**Task instructions**
Every line of the listing must be repeated in the answer without alteration.

**Exercise input**

(* Let $\Omega,\Omega^*\subset\widehat{\mathbb C}$ be domains each containing $\infty$, and let $f\colon\Omega\to\Omega^*$ be a homeomorphism with $f(\infty)=\infty$. Suppose that each boundary component of $\Omega$ and of $\Omega^*$ is a Jordan curve or a single point, and that for each $\varepsilon>0$ there are at most finitely many Jordan curves in $\partial\Omega$ and in $\partial\Omega^*$ with diameter greater than $\varepsilon$. Let $B$ be a component of $\widehat{\mathbb C}\setminus\Omega$, let $z_0\in\partial B$ and $w_0\in\mathrm{Clu}(f;z_0)$. Then for each $\eta>0$ there exists $\delta>0$ such that for every closed curve $\gamma\subset B(z_0,\delta)\setminus\{z_0\}$ with winding number $1$ around $z_0$ there is a point $z\in\gamma\cap\Omega$ with $|f(z)-w_0|<\eta$. In particular, for each $\eta>0$ there exists $\delta>0$ such that for every such closed curve $\gamma\subset B(z_0,\delta)\setminus\{z_0\}$ there are points $z_1,z_2\in\gamma\cap\Omega$ with $|f(z_1)-f(z_2)|\ge\mathrm{diam}(\mathrm{Clu}(f;z_0))-\eta$.
   Context: The cluster set of $f$ at $z_0\in\partial\Omega$ is $\mathrm{Clu}(f;z_0)=\bigcap_{\varepsilon>0}\overline{f(B(z_0,\varepsilon)\cap\Omega)}$. *)

theory Defs
  imports "HOL-Complex_Analysis.Complex_Analysis"
begin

**Written answer**
(* Let $\Omega,\Omega^*\subset\widehat{\mathbb C}$ be domains each containing $\infty$, and let $f\colon\Omega\to\Omega^*$ be a homeomorphism with $f(\infty)=\infty$. Suppose that each boundary component of $\Omega$ and of $\Omega^*$ is a Jordan curve or a single point, and that for each $\varepsilon>0$ there are at most finitely many Jordan curves in $\partial\Omega$ and in $\partial\Omega^*$ with diameter greater than $\varepsilon$. Let $B$ be a component of $\widehat{\mathbb C}\setminus\Omega$, let $z_0\in\partial B$ and $w_0\in\mathrm{Clu}(f;z_0)$. Then for each $\eta>0$ there exists $\delta>0$ such that for every closed curve $\gamma\subset B(z_0,\delta)\setminus\{z_0\}$ with winding number $1$ around $z_0$ there is a point $z\in\gamma\cap\Omega$ with $|f(z)-w_0|<\eta$. In particular, for each $\eta>0$ there exists $\delta>0$ such that for every such closed curve $\gamma\subset B(z_0,\delta)\setminus\{z_0\}$ there are points $z_1,z_2\in\gamma\cap\Omega$ with $|f(z_1)-f(z_2)|\ge\mathrm{diam}(\mathrm{Clu}(f;z_0))-\eta$.
   Context: The cluster set of $f$ at $z_0\in\partial\Omega$ is $\mathrm{Clu}(f;z_0)=\bigcap_{\varepsilon>0}\overline{f(B(z_0,\varepsilon)\cap\Omega)}$. *)

theory Defs
  imports "HOL-Complex_Analysis.Complex_Analysis"
begin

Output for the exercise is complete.